Tom Davenport filming Born for Hard Luck

When I first discovered the works of Jean Rouch, Robert Gardner, and Timothy Asch—academic anthropologists who opted to make films rather than books about their research subjects—my appreciation of their work was hampered by some lingering questions: “How in the world did they distribute this? Who paid for this? Who was watching this?” Sure, the government pays for them, universities buy them and academics screen them for students, but these filmmakers are also studied and appreciated within cinephile circles in a way that, say, 1940s newsreel directors are not. How did these filmmakers find an audience outside the ivory tower? Since this academic model of production and distribution exists independently of the wider film economy, answering that question may open new (or old) pathways for independent filmmaking.
Then, I found Folkstreams, a website that exclusively hosts documentaries about American folkways and folklore. The films are sometimes academic, as they’re the work of professional anthropologists and ethnographers. Others are works celebrating American folk art and culture, where the amateurish production is directly proportional to the film’s love for its subject. The films typically range anywhere from two minutes to two hours, and not a single one is “marketable” in the traditional sense. Yet here they are, completely free to watch. This is largely thanks to the continuous work of filmmaker Tom Davenport, who founded Folkstreams in 1999 in order to serve these films’ niche market and further expand their audience. That Davenport could watch these videos in primitive codecs on a dial-up connection and still feel that this was the future of independent film distribution speaks to his powers as a soothsayer.

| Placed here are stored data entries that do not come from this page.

(* Assume the standing hypotheses (K), (F), (h), ($\theta$) of the context. Then: (1) There is $\varepsilon_0>0$ such that $\mathbf r\mapsto\mathcal F_{2\varepsilon}(\mathbf r)=F_1(r_1)+F_2(r_2)+2\varepsilon h(\mathbf r)$ is convex on $[0,\infty)^2$ for every $0<\varepsilon\le\varepsilon_0$, strictly convex if $\varepsilon<\varepsilon_0$. (2) For all $\mathbf r\in[0,\infty)^2$ and $0<\varepsilon\le\varepsilon_0$: $\tfrac12F_1(r_1)+\tfrac12F_2(r_2)\le\mathcal F_\varepsilon(\mathbf r)\le(1+\tfrac\varepsilon2\kappa_{1,1})F_1(r_1)+(1+\tfrac\varepsilon2\kappa_{2,2})F_2(r_2)$. (3) For $0\le r\le r_0$ and $j=1,2$: $\frac{m_j}{\beta_j+1}r^{\beta_j+1}\le F_j'(r)\le\frac{M_j}{\beta_j+1}r^{\beta_j+1}$ and $\frac{m_j}{(\beta_j+1)(\beta_j+2)}r^{\beta_j+2}\le F_j(r)\le\frac{M_j}{(\beta_j+1)(\beta_j+2)}r^{\beta_j+2}$. (4) For $j=1,2$ there are constants $\alpha_j$ such that $F_j'(r)\le\alpha_j(\min\{1,r\}+F_j(r))$ for all $r\ge0$. (5) For every $H>0$ there is $\beta_H>0$ such that for all $\bar{\mathbf r}\in[0,\infty)^2$ with $\bar r_1,\bar r_2\le H$, all $\mathbf r\in[0,\infty)^2$ and all $i,j\in\{1,2\}$, \[\max\{r_1,r_2\}\,|\theta_{j,i}(\mathbf u)-\theta_{j,i}(\bar{\mathbf u})|^2\le\beta_H\big(\mathrm d_{F_1}(r_1|\bar r_1)+\mathrm d_{F_2}(r_2|\bar r_2)\big),\] where $\mathbf u=(F_1'(r_1),F_2'(r_2))$, $\bar{\mathbf u}=(F_1'(\bar r_1),F_2'(\bar r_2))$ and $\mathrm d_F(r|\bar r):=F(r)-F(\bar r)-F'(\bar r)(r-\bar r)$ is the Bregman divergence of a convex function $F$.
   Context: Let $d\ge1$. Standing hypotheses. (K): $K:\mathbb R^d\to[0,\infty)$ is radially symmetric, $K(0)=0$, $K\in C^2$, $\nabla^2K\ge\lambda\,\mathrm{Id}$ for some $\lambda>0$, $\|\nabla^2K\|\le C_K$. (F): for $j=1,2$, $F_j:[0,\infty)\to[0,\infty)$ is $C^2$ with $F_j''(r)>0$ for $r>0$, $F_j(0)=F_j'(0)=0$, $\liminf_{r\to\infty}F_j''(r)>0$, $\limsup_{r\to\infty}F_j'(r)/F_j(r)<\infty$; there are $m_j,M_j>0$, $\beta_j\ge0$, $r_0>0$ with $m_jr^{\beta_j}\le F_j''(r)\le M_jr^{\beta_j}$ for $0\le r\le r_0$; and $F_j(r)-rF_j'(r)+r^2F_j''(r)\ge0$ for all $r\ge0$. (h): $h:[0,\infty)^2\to\mathbb R$ is $C^2$, and $h$ and $\partial_{r_1}h,\partial_{r_2}h$ vanish on $\{r_1=0\}\cup\{r_2=0\}$. Define for $\mathbf u\in[0,\infty)^2$: $\theta_j(\mathbf u):=\partial_{r_j}h((F_1')^{-1}(u_1),(F_2')^{-1}(u_2))$ and $\theta_{j,i}:=\partial_{u_i}\theta_j$, so $\theta_{j,i}(\mathbf u)=\partial_{r_i}\partial_{r_j}h(\mathbf r)/F_i''(r_i)$ with $r_k=(F_k')^{-1}(u_k)$. ($\theta$): each $\theta_{j,i}$ is locally Lipschitz on $[0,\infty)^2$, and there are $\kappa_{j,i}>0$ with $|\theta_{j,i}(\mathbf u)|\le\kappa_{j,i}\min\{1,u_1,u_2,\sqrt{(F_i')^{-1}(u_i)/(F_j')^{-1}(u_j)}\}$ for all $\mathbf u$. Notation: for $\varepsilon\ge0$, $\mathcal F_\varepsilon(\mathbf r):=F_1(r_1)+F_2(r_2)+\varepsilon h(\mathbf r)$. *)

theory Defs
  imports "HOL-Analysis.Analysis"
begin

definition quad :: "(real \<times> real) set" where
  "quad = {0..} \<times> {0..}"

definition strict_convex_on :: "'a::real_vector set \<Rightarrow> ('a \<Rightarrow> real) \<Rightarrow> bool" where
  "strict_convex_on S f \<longleftrightarrow> convex S \<and>
     (\<forall>x\<in>S. \<forall>y\<in>S. \<forall>t::real. x \<noteq> y \<and> 0 < t \<and> t < 1 \<longrightarrow>
        f ((1 - t) *\<^sub>R x + t *\<^sub>R y) < (1 - t) * f x + t * f y)"

text \<open>Power r^b for r \<ge> 0, b \<ge> 0, with the convention 0^0 = 1
  (Isabelle's powr has 0 powr 0 = 0).\<close>
definition rpow :: "real \<Rightarrow> real \<Rightarrow> real" where
  "rpow r b = (if b = 0 then 1 else r powr b)"

definition coord :: "nat \<Rightarrow> real \<times> real \<Rightarrow> real" where
  "coord i u = (if i = 1 then fst u else snd u)"

definition upd_coord :: "nat \<Rightarrow> real \<times> real \<Rightarrow> real \<Rightarrow> real \<times> real" where
  "upd_coord i u t = (if i = 1 then (t, snd u) else (fst u, t))"

text \<open>theta_j(u) = (partial_{r_j} h)((F_1')^{-1}(u_1), (F_2')^{-1}(u_2)), where dh j is
  partial_{r_j} h and Fd k is F_k'; the inverse is taken on [0,oo).\<close>
definition theta :: "(nat \<Rightarrow> real \<times> real \<Rightarrow> real) \<Rightarrow> (nat \<Rightarrow> real \<Rightarrow> real) \<Rightarrow> nat
    \<Rightarrow> real \<times> real \<Rightarrow> real" where
  "theta dh Fd j u = dh j (inv_into {0..} (Fd 1) (fst u), inv_into {0..} (Fd 2) (snd u))"

definition bregman :: "(real \<Rightarrow> real) \<Rightarrow> (real \<Rightarrow> real) \<Rightarrow> real \<Rightarrow> real \<Rightarrow> real" where
  "bregman F Fd r rb = F r - F rb - Fd rb * (r - rb)"

end

theory Submission
  imports Defs
begin
lemma riccati_poly_vanishes:
  assumes zero: "\<forall>y>0. poly f y * rho \<nu> y + poly g y * rho (\<nu> + 1) y = 0" and "x > 0"
  shows "poly (riccati_poly \<nu> f g) x = 0"
proof -
  let ?\<phi> = "\<lambda>y. poly f y * rho \<nu> y + poly g y * rho (\<nu> + 1) y"
  let ?\<phi>' = "poly (pderiv f) x * rho \<nu> x - poly f x * rho (\<nu> - 1) x
    + (poly (pderiv g) x * rho (\<nu> + 1) x - poly g x * rho \<nu> x)"
  have "(?\<phi> has_real_derivative ?\<phi>') (at x)"
    using DERIV_add[OF DERIV_mult[OF poly_DERIV[of f] rho_has_real_derivative[OF \<open>x > 0\<close>]]
        DERIV_mult[OF poly_DERIV[of g] rho_has_real_derivative[OF \<open>x > 0\<close>]], of \<nu> "\<nu> + 1"]
    by (simp add: algebra_simps)
  moreover have "(?\<phi> has_real_derivative 0) (at x)"
    by (rule has_field_derivative_transform_within_open[of "\<lambda>_. 0" 0 x "{0<..}"])
       (use assms in auto)
  ultimately have "?\<phi>' = 0"
    by (rule DERIV_unique)
  moreover have "?\<phi> x = 0"
    using zero \<open>x > 0\<close> by blast
  moreover have "rho (\<nu> + 1) x - \<nu> * rho \<nu> x - x * rho (\<nu> - 1) x = 0"
    using rho_recurrence[OF \<open>x > 0\<close>] by simp
  moreover have "poly (riccati_poly \<nu> f g) x * rho \<nu> x
      = x * poly g x * ?\<phi>' + (poly f x - x * poly (pderiv g) x) * ?\<phi> x
        - poly f x * poly g x * (rho (\<nu> + 1) x - \<nu> * rho \<nu> x - x * rho (\<nu> - 1) x)"
    by (simp add: riccati_poly_def algebra_simps)
  ultimately show ?thesis
    using rho_pos[OF \<open>x > 0\<close>, of \<nu>] by simp
qed

theorem lemma1:
  fixes n m :: nat and \<nu> :: real and f g :: "real poly"
  assumes "\<nu> \<ge> 0"
    and "degree f \<le> n" and "degree g \<le> m"
    and "\<forall>x>0. poly f x * rho \<nu> x + poly g x * rho (\<nu> + 1) x = 0"
  shows "f = 0 \<and> g = 0"
proof -
  have "riccati_poly \<nu> f g = 0"
    using riccati_poly_vanishes[OF assms(4)] by (rule poly_eq_0_if_vanishes_on_Ioi)
  then show ?thesis
    by (simp add: riccati_poly_eq_0_iff)
qed

end
lemma sum_states_stage:
  assumes "k \<le> nT a"
  shows "(\<Sum>q\<in>states nT. if fst q = a \<and> fst (snd q) = k then g q else 0) = (\<Sum>i\<in>UNIV. g (a, k, i))"
proof -
  have "(\<Sum>q\<in>states nT. if fst q = a \<and> fst (snd q) = k then g q else 0)
      = sum g {q \<in> states nT. fst q = a \<and> fst (snd q) = k}"
    by (rule sum.inter_filter[symmetric]) simp
  also have "{q \<in> states nT. fst q = a \<and> fst (snd q) = k} = (\<lambda>i. (a, k, i)) ` UNIV"
    using assms by (auto simp: states_def)
  also have "sum g ((\<lambda>i. (a, k, i)) ` UNIV) = (\<Sum>i\<in>UNIV. g (a, k, i))"
    by (simp add: sum.reindex inj_on_def)
  finally show ?thesis .
qed

lemma sum_transition_row:
  assumes "valid_phi E nT dest \<rho>" and "k \<le> nT a"
  shows "(\<Sum>q\<in>states nT. transition \<rho> (a, k, j) q * h q)
    = (\<Sum>i\<in>UNIV. \<rho> a k j (Some i) * h (a, k, i)) + \<rho> a k j None * h (a, Suc k, j)"
proof -
  have "transition \<rho> (a, k, j) q * h q =
      (if fst q = a \<and> fst (snd q) = k then \<rho> a k j (Some (snd (snd q))) * h q else 0) +
      (if q = (a, Suc k, j) then \<rho> a k j None * h q else 0)" for q
    by (cases q) auto
  moreover have "(\<Sum>q\<in>states nT. if q = (a, Suc k, j) then \<rho> a k j None * h q else 0)
      = \<rho> a k j None * h (a, Suc k, j)"
    using assms by (cases "k = nT a") (auto simp: valid_phi_def)
  ultimately show ?thesis
    using sum_states_stage[where k = k and nT = nT and a = a and g = "\<lambda>q. \<rho> a k j (Some (snd (snd q))) * h q", OF assms(2)]
    by (simp add: sum.distrib)
qed

lemma sum_transition_col:
  assumes "k \<le> nT a"
  shows "(\<Sum>p\<in>states nT. x p * transition \<rho> p (a, k, i))
    = (\<Sum>j\<in>UNIV. x (a, k, j) * \<rho> a k j (Some i))
      + (if k = 0 then 0 else x (a, k - 1, i) * \<rho> a (k - 1) i None)"
proof -
  have "x p * transition \<rho> p (a, k, i) =
      (if fst p = a \<and> fst (snd p) = k then x p * \<rho> a k (snd (snd p)) (Some i) else 0) +
      (if p = (a, k - 1, i) \<and> k \<noteq> 0 then x p * \<rho> a (k - 1) i None else 0)" for p
    by (cases p) auto
  moreover have "(\<Sum>p\<in>states nT. if p = (a, k - 1, i) \<and> k \<noteq> 0 then x p * \<rho> a (k - 1) i None else 0)
      = (if k = 0 then 0 else x (a, k - 1, i) * \<rho> a (k - 1) i None)"
    using assms by (cases "k = 0") auto
  ultimately show ?thesis
    using sum_states_stage[where k = k and nT = nT and a = a and g = "\<lambda>p. x p * \<rho> a k (snd (snd p)) (Some i)", OF assms]
    by (simp add: sum.distrib)
qed

lemma sum_transition_row_valid:
  fixes \<rho> :: "'a::finite \<Rightarrow> nat \<Rightarrow> 'v::finite \<Rightarrow> 'v option \<Rightarrow> real"
  assumes "valid_phi E nT dest \<rho>" and "k \<le> nT a"
  shows "(\<Sum>q\<in>states nT. transition \<rho> (a, k, j) q) = (if k = nT a \<and> j = dest a then 0 else 1)"
  using sum_transition_row[OF assms, where h = "\<lambda>_. 1" and j = j]
    valid_phi_sum[OF assms] sum_UNIV_option[of "\<rho> a k j"]
  by (simp add: add.commute)

lemma is_traffic_iff_fixpoint:
  "is_traffic nT r \<rho> (\<lambda>a k i. x (a, k, i)) \<longleftrightarrow>
     (\<forall>q\<in>states nT. x q = (\<Sum>p\<in>states nT. x p * transition \<rho> p q) + injection r q)"
  unfolding is_traffic_def ball_states by (auto simp: sum_transition_col)

lemma is_traffic_traffic: "traffic_unique nT r \<rho> \<Longrightarrow> is_traffic nT r \<rho> (traffic nT r \<rho>)"
  unfolding traffic_unique_def traffic_def using someI_ex[of "is_traffic nT r \<rho>"] by blast

lemma traffic_unique_eq:
  assumes "traffic_unique nT r \<rho>" and "is_traffic nT r \<rho> u" and "k \<le> nT a"
  shows "u a k i = traffic nT r \<rho> a k i"
  using assms is_traffic_traffic[OF assms(1)] unfolding traffic_unique_def by blast

lemma traffic_nonneg:
  fixes \<rho> :: "'a::finite \<Rightarrow> nat \<Rightarrow> 'v::finite \<Rightarrow> 'v option \<Rightarrow> real"
  assumes valid: "valid_phi E nT dest \<rho>" and unique: "traffic_unique nT r \<rho>"
    and r_nonneg: "\<And>i a. 0 \<le> r i a" and "k \<le> nT a"
  shows "0 \<le> traffic nT r \<rho> a k i"
proof -
  have "0 \<le> (\<lambda>(a, k, i). traffic nT r \<rho> a k i) (a, k, i)"
  proof (rule substochastic_fixpoint_nonneg[where P = "transition \<rho>" and b = "injection r", OF finite_states])
    fix p q :: "'a \<times> nat \<times> 'v" assume "p \<in> states nT" "q \<in> states nT"
    then show "0 \<le> transition \<rho> p q"
      using valid_phi_nonneg[OF valid] by (cases p, cases q) auto
  next
    fix p :: "'a \<times> nat \<times> 'v" assume "p \<in> states nT"
    then show "(\<Sum>q\<in>states nT. transition \<rho> p q) \<le> 1"
      using sum_transition_row_valid[OF valid] by (cases p) auto
  next
    fix q :: "'a \<times> nat \<times> 'v" show "0 \<le> injection r q" using r_nonneg by (cases q) auto
  next
    fix y and q :: "'a \<times> nat \<times> 'v"
    assume "\<And>q. q \<in> states nT \<Longrightarrow> y q = (\<Sum>p\<in>states nT. y p * transition \<rho> p q) + injection r q"
      and "q \<in> states nT"
    then have "is_traffic nT r \<rho> (\<lambda>a k i. y (a, k, i))"
      by (simp add: is_traffic_iff_fixpoint)
    with \<open>q \<in> states nT\<close> show "y q = (\<lambda>(a, k, i). traffic nT r \<rho> a k i) q"
      using traffic_unique_eq[OF unique] by (cases q) auto
  qed (use is_traffic_iff_fixpoint[of nT r \<rho> "\<lambda>(a, k, i). traffic nT r \<rho> a k i"]
      is_traffic_traffic[OF unique] \<open>k \<le> nT a\<close> in auto)
  then show ?thesis by simp
qed

definition link_price ::
  "('a::finite \<Rightarrow> nat) \<Rightarrow> ('a \<Rightarrow> nat \<Rightarrow> real) \<Rightarrow> ('v \<Rightarrow> 'v \<Rightarrow> real \<Rightarrow> real) \<Rightarrow>
   ('a \<Rightarrow> nat \<Rightarrow> 'v \<Rightarrow> 'v option \<Rightarrow> real) \<Rightarrow> ('a \<Rightarrow> nat \<Rightarrow> 'v \<Rightarrow> real) \<Rightarrow> 'v \<Rightarrow> 'v \<Rightarrow> real" where
  "link_price nT L D' phi t i j = D' i j (linkflow nT L phi t i j)"

definition processor_price ::
  "('a::finite \<Rightarrow> nat) \<Rightarrow> ('v \<Rightarrow> 'a \<Rightarrow> nat \<Rightarrow> real) \<Rightarrow> ('v \<Rightarrow> real \<Rightarrow> real) \<Rightarrow>
   ('a \<Rightarrow> nat \<Rightarrow> 'v \<Rightarrow> 'v option \<Rightarrow> real) \<Rightarrow> ('a \<Rightarrow> nat \<Rightarrow> 'v \<Rightarrow> real) \<Rightarrow> 'v \<Rightarrow> real" where
  "processor_price nT w C' phi t i = C' i (workload nT w phi t i)"

definition hop_cost ::
  "('a \<Rightarrow> nat \<Rightarrow> real) \<Rightarrow> ('v \<Rightarrow> 'a \<Rightarrow> nat \<Rightarrow> real) \<Rightarrow> ('v \<Rightarrow> 'v \<Rightarrow> real) \<Rightarrow> ('v \<Rightarrow> real) \<Rightarrow>
   ('a \<Rightarrow> nat \<Rightarrow> 'v \<Rightarrow> real) \<Rightarrow> 'a \<Rightarrow> nat \<Rightarrow> 'v \<Rightarrow> 'v option \<Rightarrow> real" where
  "hop_cost L w cE cC \<delta> a k i j =
     (case j of
        None \<Rightarrow> w i a k * cC i + \<delta> a (Suc k) i
      | Some j' \<Rightarrow> L a k * cE i j' + \<delta> a k j')"

definition reduced_cost ::
  "('a \<Rightarrow> nat \<Rightarrow> real) \<Rightarrow> ('v \<Rightarrow> 'a \<Rightarrow> nat \<Rightarrow> real) \<Rightarrow> ('v::finite \<Rightarrow> 'v \<Rightarrow> real) \<Rightarrow> ('v \<Rightarrow> real) \<Rightarrow>
   ('a \<Rightarrow> nat \<Rightarrow> 'v \<Rightarrow> real) \<Rightarrow> ('a \<Rightarrow> nat \<Rightarrow> 'v \<Rightarrow> 'v option \<Rightarrow> real) \<Rightarrow> 'a \<Rightarrow> nat \<Rightarrow> 'v \<Rightarrow> real" where
  "reduced_cost L w cE cC \<delta> \<rho> a k i =
     (\<Sum>j\<in>UNIV. \<rho> a k i j * (hop_cost L w cE cC \<delta> a k i j - \<delta> a k i))"

definition linear_cost ::
  "('v::finite \<times> 'v) set \<Rightarrow> ('a::finite \<Rightarrow> nat) \<Rightarrow> ('a \<Rightarrow> nat \<Rightarrow> real) \<Rightarrow> ('v \<Rightarrow> 'a \<Rightarrow> nat \<Rightarrow> real) \<Rightarrow>
   ('v \<Rightarrow> 'v \<Rightarrow> real) \<Rightarrow> ('v \<Rightarrow> real) \<Rightarrow>
   ('a \<Rightarrow> nat \<Rightarrow> 'v \<Rightarrow> 'v option \<Rightarrow> real) \<Rightarrow> ('a \<Rightarrow> nat \<Rightarrow> 'v \<Rightarrow> real) \<Rightarrow> real" where
  "linear_cost E nT L w cE cC \<rho> u =
     (\<Sum>(i, j)\<in>E. cE i j * linkflow nT L \<rho> u i j) + (\<Sum>i\<in>UNIV. cC i * workload nT w \<rho> u i)"

text \<open>For the zero potential, the reduced cost is the plain cost of one hop.\<close>
lemma linear_cost_eq_sum_states:
  fixes \<rho> :: "'a::finite \<Rightarrow> nat \<Rightarrow> 'v::finite \<Rightarrow> 'v option \<Rightarrow> real"
  assumes "valid_phi E nT dest \<rho>"
  shows "linear_cost E nT L w cE cC \<rho> u =
    (\<Sum>(a, k, i)\<in>states nT. u a k i * reduced_cost L w cE cC (\<lambda>_ _ _. 0) \<rho> a k i)"
proof -
  have "linkflow nT L \<rho> u i j = 0" if "(i, j) \<notin> E" for i j
    using assms that unfolding valid_phi_def linkflow_def by (auto intro!: sum.neutral)
  then have "(\<Sum>(i, j)\<in>E. cE i j * linkflow nT L \<rho> u i j)
      = (\<Sum>(i, j)\<in>UNIV. cE i j * linkflow nT L \<rho> u i j)"
    by (intro sum.mono_neutral_left) auto
  also have "\<dots> = (\<Sum>i\<in>UNIV. \<Sum>j\<in>UNIV. cE i j * linkflow nT L \<rho> u i j)"
    by (simp add: UNIV_Times_UNIV[symmetric] sum.cartesian_product del: UNIV_Times_UNIV)
  also have "\<dots> = (\<Sum>a\<in>UNIV. \<Sum>k\<le>nT a. \<Sum>i\<in>UNIV. \<Sum>j\<in>UNIV.
      u a k i * (\<rho> a k i (Some j) * (L a k * cE i j)))"
    unfolding linkflow_def by (simp add: sum_distrib_left sum_swap_stages mult_ac)
  finally have links: "(\<Sum>(i, j)\<in>E. cE i j * linkflow nT L \<rho> u i j) = \<dots>" .
  have processors: "(\<Sum>i\<in>UNIV. cC i * workload nT w \<rho> u i)
      = (\<Sum>a\<in>UNIV. \<Sum>k\<le>nT a. \<Sum>i\<in>UNIV. u a k i * (\<rho> a k i None * (w i a k * cC i)))"
    unfolding workload_def by (simp add: sum_distrib_left sum_swap_stages mult_ac)
  show ?thesis
    unfolding linear_cost_def links processors sum_states reduced_cost_def hop_cost_def sum_UNIV_option
    by (simp add: sum.distrib sum_distrib_left distrib_left)
qed

text \<open>Telescoping the potential \<open>\<delta>\<close> along the traffic equations.\<close>
lemma linear_cost_eq_reduced_cost:
  fixes \<rho> :: "'a::finite \<Rightarrow> nat \<Rightarrow> 'v::finite \<Rightarrow> 'v option \<Rightarrow> real"
  assumes valid: "valid_phi E nT dest \<rho>" and traffic: "is_traffic nT r \<rho> u"
    and terminal: "\<And>a. \<delta> a (nT a) (dest a) = 0"
  shows "linear_cost E nT L w cE cC \<rho> u =
    (\<Sum>(a, k, i)\<in>states nT. u a k i * reduced_cost L w cE cC \<delta> \<rho> a k i)
    + (\<Sum>a\<in>UNIV. \<Sum>i\<in>UNIV. r i a * \<delta> a 0 i)"
proof -
  define x where "x = (\<lambda>(a, k, i). u a k i)"
  define d where "d = (\<lambda>(a, k, i). \<delta> a k i)"
  have fixpoint: "x q = (\<Sum>p\<in>states nT. x p * transition \<rho> p q) + injection r q"
    if "q \<in> states nT" for q
    using is_traffic_iff_fixpoint[of nT r \<rho> x] traffic that by (simp add: x_def)
  have row_sum: "d p * (\<Sum>q\<in>states nT. transition \<rho> p q) = d p" if "p \<in> states nT" for p
    using that sum_transition_row_valid[OF valid] terminal by (cases p) (auto simp: d_def)
  have shift: "(\<Sum>q\<in>states nT. transition \<rho> (a, k, i) q * (d q - d (a, k, i)))
      = reduced_cost L w cE cC \<delta> \<rho> a k i - reduced_cost L w cE cC (\<lambda>_ _ _. 0) \<rho> a k i"
    if "k \<le> nT a" for a k i
    unfolding sum_transition_row[OF valid that]
      reduced_cost_def hop_cost_def sum_UNIV_option
    by (simp add: d_def algebra_simps sum_subtractf sum.distrib)
  have injected: "(\<Sum>q\<in>states nT. injection r q * d q) = (\<Sum>a\<in>UNIV. \<Sum>i\<in>UNIV. r i a * \<delta> a 0 i)"
    by (simp add: sum_states sum.atMost_shift d_def)
  have "(\<Sum>(a, k, i)\<in>states nT. u a k i *
        (reduced_cost L w cE cC \<delta> \<rho> a k i - reduced_cost L w cE cC (\<lambda>_ _ _. 0) \<rho> a k i))
      = (\<Sum>p\<in>states nT. x p * (\<Sum>q\<in>states nT. transition \<rho> p q * (d q - d p)))"
    by (intro sum.cong) (auto simp: x_def shift)
  also have "\<dots> = - (\<Sum>a\<in>UNIV. \<Sum>i\<in>UNIV. r i a * \<delta> a 0 i)"
    using fixpoint_telescoping[OF finite_states fixpoint row_sum] injected by simp
  finally show ?thesis
    unfolding linear_cost_eq_sum_states[OF valid]
    by (simp add: right_diff_distrib sum_subtractf split_def)
qed

lemma is_marginal_eq_sum_hop_cost:
  fixes phi :: "'a::finite \<Rightarrow> nat \<Rightarrow> 'v::finite \<Rightarrow> 'v option \<Rightarrow> real"
  assumes valid: "valid_phi E nT dest phi" and marginal: "is_marginal nT dest L w D' C' phi t \<delta>"
    and "k \<le> nT a" and not_terminal: "\<not> (k = nT a \<and> i = dest a)"
  shows "\<delta> a k i = (\<Sum>j\<in>UNIV. phi a k i j *
    hop_cost L w (link_price nT L D' phi t) (processor_price nT w C' phi t) \<delta> a k i j)"
proof (cases "k < nT a")
  case True
  then show ?thesis
    using marginal unfolding is_marginal_def
    by (simp add: sum_UNIV_option hop_cost_def link_price_def processor_price_def)
next
  case False
  with \<open>k \<le> nT a\<close> not_terminal have "k = nT a" "i \<noteq> dest a" by auto
  then show ?thesis
    using marginal valid_phi_last_stage[OF valid]
    unfolding is_marginal_def by (simp add: sum_UNIV_option hop_cost_def link_price_def)
qed
lemma Inl_removed_iff: "Inl v \<in> removed N \<longleftrightarrow>
    v \<in> V \<and> \<not> in_clade N v \<and> v \<notin> leaves N \<and> (\<exists>d. Inl d \<in> removed0 N \<and> (d, v) \<in> E\<^sup>*)"
proof
  assume "Inl v \<in> removed N"
  then consider "Inl v \<in> removed0 N"
    | d where "Inl v \<in> star_internal N" "d \<in> removed0 N" "(d, Inl v) \<in> (star_arcs N)\<^sup>+"
    unfolding removed_def by blast
  then show "v \<in> V \<and> \<not> in_clade N v \<and> v \<notin> leaves N \<and> (\<exists>d. Inl d \<in> removed0 N \<and> (d, v) \<in> E\<^sup>*)"
  proof cases
    case 1
    then show ?thesis using removed0_iff[of "Inl v"] by auto
  next
    case (2 x)
    then obtain d where "x = Inl d" using removed0_iff by blast
    with 2 show ?thesis using star_trancl_from_Inl[of d "Inl v"] star_internal_Inl
      by auto
  qed
next
  assume v: "v \<in> V \<and> \<not> in_clade N v \<and> v \<notin> leaves N \<and> (\<exists>d. Inl d \<in> removed0 N \<and> (d, v) \<in> E\<^sup>*)"
  then obtain d where d: "Inl d \<in> removed0 N" "(d, v) \<in> E\<^sup>*" by blast
  show "Inl v \<in> removed N"
  proof (cases "d = v")
    case False
    then have "(d, v) \<in> E\<^sup>+" using d(2) by (simp add: rtrancl_eq_or_trancl)
    then have "(Inl d, Inl v) \<in> (star_arcs N)\<^sup>+"
      using trancl_star_arcs_Inl_Inl v d(1) removed0_iff by blast
    then show ?thesis using d(1) v star_internal_Inl unfolding removed_def by blast
  qed (use d(1) in \<open>simp add: removed_def\<close>)
qed

lemma Inr_not_removed: "Inr r \<notin> removed N"
  unfolding removed_def removed0_def using star_internal_Inr by blast

lemma step3_nodes_Inl: "Inl v \<in> step3_nodes N \<longleftrightarrow> v \<in> V \<and> Inl v \<notin> removed N"
  unfolding step3_nodes_def using star_nodes_Inl Inl_removed_iff by auto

At 85 years old, Davenport still maintains Folkstreams daily from his Virginia home. I brought up my pedantic queries about academic film markets; Davenport, in quintessential Folkstreams fashion, answered with stories about his life and career that provide a glimpse of what truly independent filmmaking in the 20th century was like. He’s quick to admit that he was lucky to live in a time of free-flowing grants and endowments—the very same that would eventually fund Folkstreams, and the very same that are currently on the political chopping block. We may need more than luck to continue his vision.
Filmmaker: I was reading that you got started in your filmmaking career by working alongside D.A. Pennebaker and Richard Leacock. I’m curious about in what capacity you were working for them and whether or not they were an influence on the films you would later make.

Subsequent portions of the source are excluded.